(Listed entries)
text \<open>If \<open>Q\<close> puts less mass than \<open>P\<close> on the winning set, compare with its coarsening \<open>Q'\<close>:
  on the winning set the payments lie below the threshold \<open>c\<close> and on the losing set above it,
  and \<open>Q'\<close> moves mass from the former to the latter.\<close>
lemma worst_payoff_le_of_less_win_mass:
  assumes i: "i \<in> {1,2}" and t: "t \<in> {lo..hi}" "t < hi"
    and tt: "transfer_rule lo hi tt" and wf: "winner_favored lo hi x tt"
    and Q: "Q \<in> amb" and less: "measure Q (win_set i t) < measure P (win_set i t)"
  shows "worst_case (\<lambda>y. t * x i t y - tt i t y) + Tbar P tt i t \<le> t * measure Q (win_set i t)"
proof -
  define W where "W = win_set i t"
  define g where "g = (\<lambda>y. t * x i t y - tt i t y)"
  have W: "W \<in> sets B" unfolding W_def by (rule sets_win_set[OF i t(1)])
  have s: "bounded_borel (tt i t)"
    by (rule bounded_borel_section[OF tt[unfolded transfer_rule_def] i t(1)])
  have g: "bounded_borel g" unfolding g_def using s bounded_borel_x[OF i t(1)] by (simp add: bounded_borel_intros)
  have "measure P W \<noteq> 1" using Xbar_one_imp_hi[OF i t(1)] Xbar_eq_measure_win_set[OF i t(1)] t(2)
    by (auto simp: W_def)
  moreover have "0 \<le> measure Q W" "measure P W \<le> 1" "measure Q W \<le> 1"
    using prob_space.prob_le_1[OF prob_space_P] Q prob_space.prob_le_1 by (auto simp: mem_amb_iff)
  ultimately have p: "0 < measure P W" "measure P W < 1" using less unfolding W_def by linarith+
  obtain c where c: "\<And>y. y \<in> W \<Longrightarrow> tt i t y \<le> c" "\<And>y. y \<in> {lo..hi} - W - {t} \<Longrightarrow> c \<le> tt i t y"
    using winner_favored_threshold[OF i t tt wf] unfolding W_def by blast
  define a where "a = measure Q W / measure P W"
  define b where "b = (1 - measure Q W) / (1 - measure P W)"
  define h where "h = (\<lambda>y. a * indicator W y + b * indicator ({lo..hi} - W) y)"
  have "0 \<le> a" "0 \<le> b" using p \<open>0 \<le> measure Q W\<close> \<open>measure Q W \<le> 1\<close> by (simp_all add: a_def b_def)
  moreover have "{lo..hi} - W \<in> sets B" using W sets.top[of B] by (auto simp: space_B)
  ultimately have h: "bounded_borel h" "\<And>y. 0 \<le> h y"
    using W by (simp_all add: h_def bounded_borel_intros)
  have "density P (\<lambda>y. ennreal (h y)) \<in> amb"
    using coarsening_mem_amb[OF W p Q] by (simp add: h_def a_def b_def)
  then have "worst_case g \<le> (\<integral>y. g y \<partial>density P (\<lambda>y. ennreal (h y)))"
    by (rule worst_case_le[OF _ g])
  also have "\<dots> = (\<integral>y. h y * g y \<partial>P)"
    using integral_density[of g P h] h g by (simp add: bounded_borel_def measurable_P_iff)
  also have "\<dots> = (\<integral>y. h y * (t * indicator W y - tt i t y) \<partial>P)"
    using AE_x_eq_indicator_win_set[OF P_mem_amb i t(1)] h g s W
    by (intro integral_cong_AE) (auto simp: g_def W_def bounded_borel_def measurable_P_iff)
  also have "\<dots> = (\<integral>y. h y * (t * indicator W y - tt i t y) + tt i t y \<partial>P) - Tbar P tt i t"
    using W h s by (simp add: Tbar_def integrable_amb[OF P_mem_amb] bounded_borel_intros)
  also have "\<dots> \<le> t * measure Q W - Tbar P tt i t"
  proof -
    have "AE y in P. (y \<in> W \<longrightarrow> tt i t y \<le> c) \<and> (y \<notin> W \<longrightarrow> c \<le> tt i t y)"
      using AE_amb_neq[OF P_mem_amb t(1)] AE_space by eventually_elim (auto simp: c space_P)
    then show ?thesis
      using coarsened_payoff_le[OF W p, of "measure Q W" "tt i t" c t] less s
      by (simp add: h_def a_def b_def W_def)
  qed
  finally show ?thesis by (simp add: g_def W_def)
qed

lemma Umin_plus_Tbar_le:
  assumes i: "i \<in> {1,2}" and t: "t \<in> {lo..hi}" "t < hi"
    and tt: "transfer_rule lo hi tt" and wf: "winner_favored lo hi x tt"
  shows "Umin lo hi D P \<eta> x tt i t + Tbar P tt i t \<le> t * Xm i t"
proof -
  define g where "g = (\<lambda>y. t * x i t y - tt i t y)"
  have t_pos: "0 < t" using t lo_pos by simp
  have "worst_case g + Tbar P tt i t \<le> t * measure Q (win_set i t)" if Q: "Q \<in> amb" for Q
  proof (cases "measure P (win_set i t) \<le> measure Q (win_set i t)")
    case True
    have x: "bounded_borel (x i t)" and s: "bounded_borel (tt i t)"
      using bounded_borel_x[OF i t(1)] bounded_borel_section[OF tt[unfolded transfer_rule_def] i t(1)] .
    then have "worst_case g + Tbar P tt i t \<le> t * measure P (win_set i t)"
      using worst_case_le[OF P_mem_amb, of g] integral_x_eq_measure_win_set[OF P_mem_amb i t(1)]
        integrable_amb[OF P_mem_amb] by (simp add: g_def Tbar_def bounded_borel_intros)
    also have "\<dots> \<le> t * measure Q (win_set i t)"
      using True t_pos by (intro mult_left_mono) auto
    finally show ?thesis .
  next
    case False
    then show ?thesis using worst_payoff_le_of_less_win_mass[OF i t tt wf Q] by (simp add: g_def)
  qed
  then have "(worst_case g + Tbar P tt i t) / t \<le> Xm i t"
    unfolding Xm_eq_worst_case using t_pos
    by (intro worst_case_greatest) (simp add: integral_x_eq_measure_win_set[OF _ i t(1)] divide_le_eq mult.commute)
  then show ?thesis using t_pos by (simp add: Umin_def g_def divide_le_eq mult.commute)
qed

lemma AE_Tbar_le_tw:
  assumes i: "i \<in> {1,2}" and tt: "transfer_rule lo hi tt" and wf: "winner_favored lo hi x tt"
    and U: "\<And>\<theta>. \<theta> \<in> {lo..hi} \<Longrightarrow> Ustar i \<theta> \<le> Umin lo hi D P \<eta> x tt i \<theta>"
  shows "AE \<theta> in P. Tbar P tt i \<theta> \<le> tw i \<theta>"
proof -
  have "AE \<theta> in P. \<theta> \<noteq> hi" using AE_amb_neq[OF P_mem_amb] lo_less_hi by simp
  with AE_space show ?thesis
  proof eventually_elim
    case (elim \<theta>)
    then have \<theta>: "\<theta> \<in> {lo..hi}" "\<theta> < hi" using space_P by auto
    then show ?case using Umin_plus_Tbar_le[OF i \<theta> tt wf] U[OF \<theta>(1)] by (simp add: tw_eq)
  qed
qed

lemma integral_Tbar_le_tstar:
  assumes i: "i \<in> {1,2}" and tt: "transfer_rule lo hi tt" and wf: "winner_favored lo hi x tt"
    and U: "\<And>\<theta>. \<theta> \<in> {lo..hi} \<Longrightarrow> Ustar i \<theta> \<le> Umin lo hi D P \<eta> x tt i \<theta>"
  shows "(\<integral>\<theta>. Tbar P tt i \<theta> \<partial>P) \<le> (\<integral>\<theta>. Tbar P ts i \<theta> \<partial>P)"
proof (rule integral_mono_AE[OF integrable_Tbar[OF tt i] integrable_Tbar[OF transfer_rule_tstar i]])
  show "AE \<theta> in P. Tbar P tt i \<theta> \<le> Tbar P ts i \<theta>"
    using AE_Tbar_le_tw[OF i tt wf U] unfolding Tbar_tstar by blast
qed

lemma objective_le_tstar:
  assumes tt: "transfer_rule lo hi tt" and wf: "winner_favored lo hi x tt"
    and U: "\<And>i \<theta>. i \<in> {1,2} \<Longrightarrow> \<theta> \<in> {lo..hi} \<Longrightarrow> Ustar i \<theta> \<le> Umin lo hi D P \<eta> x tt i \<theta>"
  shows "objective P tt \<le> objective P ts"
  using integral_Tbar_le_tstar[OF _ tt wf U, of 1] integral_Tbar_le_tstar[OF _ tt wf U, of 2]
  by (simp add: objective_def)

lemma solves_R_tstar: "solves_R lo hi D P \<eta> x ts"
  unfolding solves_R_def
proof (intro conjI admissible_R_tstar allI impI)
  fix tt assume "admissible_R lo hi D P \<eta> x tt"
  then show "objective P tt \<le> objective P ts"
    by (intro objective_le_tstar) (auto simp: admissible_R_def Theta_def)
qed

lemma solves_P_tstar: "solves_P lo hi D P \<eta> x ts"
  unfolding solves_P_def
proof (intro conjI admissible_P_tstar allI impI)
  fix tt assume "admissible_P lo hi D P \<eta> x tt"
  then show "objective P tt \<le> objective P ts"
    by (intro objective_le_tstar Ustar_le_Umin_of_feasible) (auto simp: admissible_P_def)
qed

section \<open>Uniqueness\<close>

lemma small_mixture_divergence:
  assumes Q0: "Q0 \<in> Delta lo hi (BTheta lo hi)" and f: "f \<in> borel_measurable P"
    and bound: "\<forall>y\<in>space P. f y \<le> ennreal C" and Q0_eq: "Q0 = density P f"
  obtains e where "0 < e" "e \<le> 1" "D (mix e Q0 P) P < ennreal \<eta>"
proof -
  have "continuous_on {0..1} (\<lambda>e. D (mix e Q0 P) P)"
    using D_mix_continuous[OF Q0] f bound Q0_eq by blast
  then have "((\<lambda>e. D (mix e Q0 P) P) \<longlongrightarrow> D (mix 0 Q0 P) P) (at 0 within {0..1})"
    by (simp add: continuous_on_def)
  moreover have "mix 0 Q0 P = P"
    using mix_density[OF f, of 0] by (simp add: Q0_eq density_1)
  ultimately have "((\<lambda>e. D (mix e Q0 P) P) \<longlongrightarrow> 0) (at 0 within {0..1})"
    using D_self by simp
  then have "\<forall>\<^sub>F e in at 0 within {0..1}. D (mix e Q0 P) P < ennreal \<eta>"
    using eta_pos by (intro order_tendstoD(2)) auto
  then obtain d where d: "0 < d"
    "\<And>e. e \<in> {0..1} \<Longrightarrow> e \<noteq> 0 \<Longrightarrow> dist e 0 < d \<Longrightarrow> D (mix e Q0 P) P < ennreal \<eta>"
    unfolding eventually_at by blast
  show ?thesis
    using that[of "min 1 (d / 2)"] d by (auto simp: dist_real_def)
qed

lemma mixture_mem_amb:
  assumes L: "L \<in> sets P" "0 < measure P L"
  obtains e where "0 < e" "e \<le> 1" "mix e (uniform_measure P L) P \<in> amb"
proof -
  interpret P: prob_space P by (rule prob_space_P)
  define f where "f = (\<lambda>y. indicator L y / emeasure P L)"
  have PL: "emeasure P L = ennreal (measure P L)" by (simp add: P.emeasure_eq_measure)
  have Q0: "uniform_measure P L \<in> Delta lo hi (BTheta lo hi)"
    using PL L by (auto simp: mem_Delta_iff space_P sets_P intro!: prob_space_uniform_measure)
  have f: "f \<in> borel_measurable P" unfolding f_def using L by measurable
  have "1 / ennreal (measure P L) = ennreal (1 / measure P L)"
    using divide_ennreal[of 1 "measure P L"] L by simp
  then have "\<forall>y\<in>space P. f y \<le> ennreal (1 / measure P L)"
    by (auto simp: f_def PL split: split_indicator)
  moreover have Q0_eq: "uniform_measure P L = density P f"
    by (simp add: uniform_measure_def f_def)
  ultimately obtain e where e: "0 < e" "e \<le> 1" and De: "D (mix e (uniform_measure P L) P) P < ennreal \<eta>"
    using small_mixture_divergence[OF Q0 f] by blast
  have "emeasure (mix e (uniform_measure P L) P) (space P) = ennreal e + ennreal (1 - e)"
    using emeasure_mix_density[OF f sets.top] prob_space.emeasure_space_1[OF Q0[unfolded mem_Delta_iff, THEN conjunct1]]
    by (simp add: Q0_eq P.emeasure_space_1)
  also have "\<dots> = 1" using e by (simp flip: ennreal_plus)
  finally have "prob_space (mix e (uniform_measure P L) P)"
    by (intro prob_spaceI) (simp add: Q0_eq mix_density[OF f])
  then have "mix e (uniform_measure P L) P \<in> amb"
    using De by (simp add: mem_amb_iff Q0_eq mix_density[OF f] space_P sets_P)
  with e that show ?thesis by blast
qed

text \<open>Moving a little mass from the winning to the losing set stays within the ambiguity set by
  (D2) and lowers the probability of winning.\<close>
lemma Xm_less_Xbar:
  assumes i: "i \<in> {1,2}" and t: "t \<in> {lo..hi}"
    and pW: "0 < measure P (win_set i t)" "measure P (win_set i t) < 1"
  shows "Xm i t < Xbar P x i t"
proof -
  interpret P: prob_space P by (rule prob_space_P)
  define W where "W = win_set i t"
  define L where "L = {lo..hi} - W"
  have W: "W \<in> sets P" using sets_win_set[OF i t] by (simp add: W_def sets_P)
  have L: "L \<in> sets P" using W sets.top[of P] by (auto simp: L_def space_P)
  have "measure P L = 1 - measure P W"
    using P.prob_compl[OF W] by (simp add: L_def space_P)
  then obtain e where e: "0 < e" "e \<le> 1" and Qe: "mix e (uniform_measure P L) P \<in> amb"
    using mixture_mem_amb[OF L] pW by (auto simp: W_def)
  have LW: "L \<inter> W = {}" by (auto simp: L_def)
  have "(\<lambda>y. indicator L y / emeasure P L) \<in> borel_measurable P" using L by measurable
  then have "emeasure (mix e (uniform_measure P L) P) W
      = ennreal e * emeasure (uniform_measure P L) W + ennreal (1 - e) * emeasure P W"
    using emeasure_mix_density[OF _ W] by (simp add: uniform_measure_def)
  also have "\<dots> = ennreal ((1 - e) * measure P W)"
    using emeasure_uniform_measure[OF L W] e by (simp add: LW P.emeasure_eq_measure ennreal_mult'')
  finally have "measure (mix e (uniform_measure P L) P) W = (1 - e) * measure P W"
    using e by (simp add: measure_def)
  then have "Xm i t \<le> (1 - e) * measure P W"
    using worst_case_le[OF Qe bounded_borel_x[OF i t]] integral_x_eq_measure_win_set[OF Qe i t]
    by (simp add: Xm_eq_worst_case W_def)
  also have "\<dots> < measure P W"
    using e pW by (simp add: W_def)
  finally show ?thesis using Xbar_eq_measure_win_set[OF i t] by (simp add: W_def)
qed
(End Listed entries)
▶ _Exercise details_
Once every line above has been checked for the string "winning", give the number of matching lines and nothing more.

▶ _Reply_
4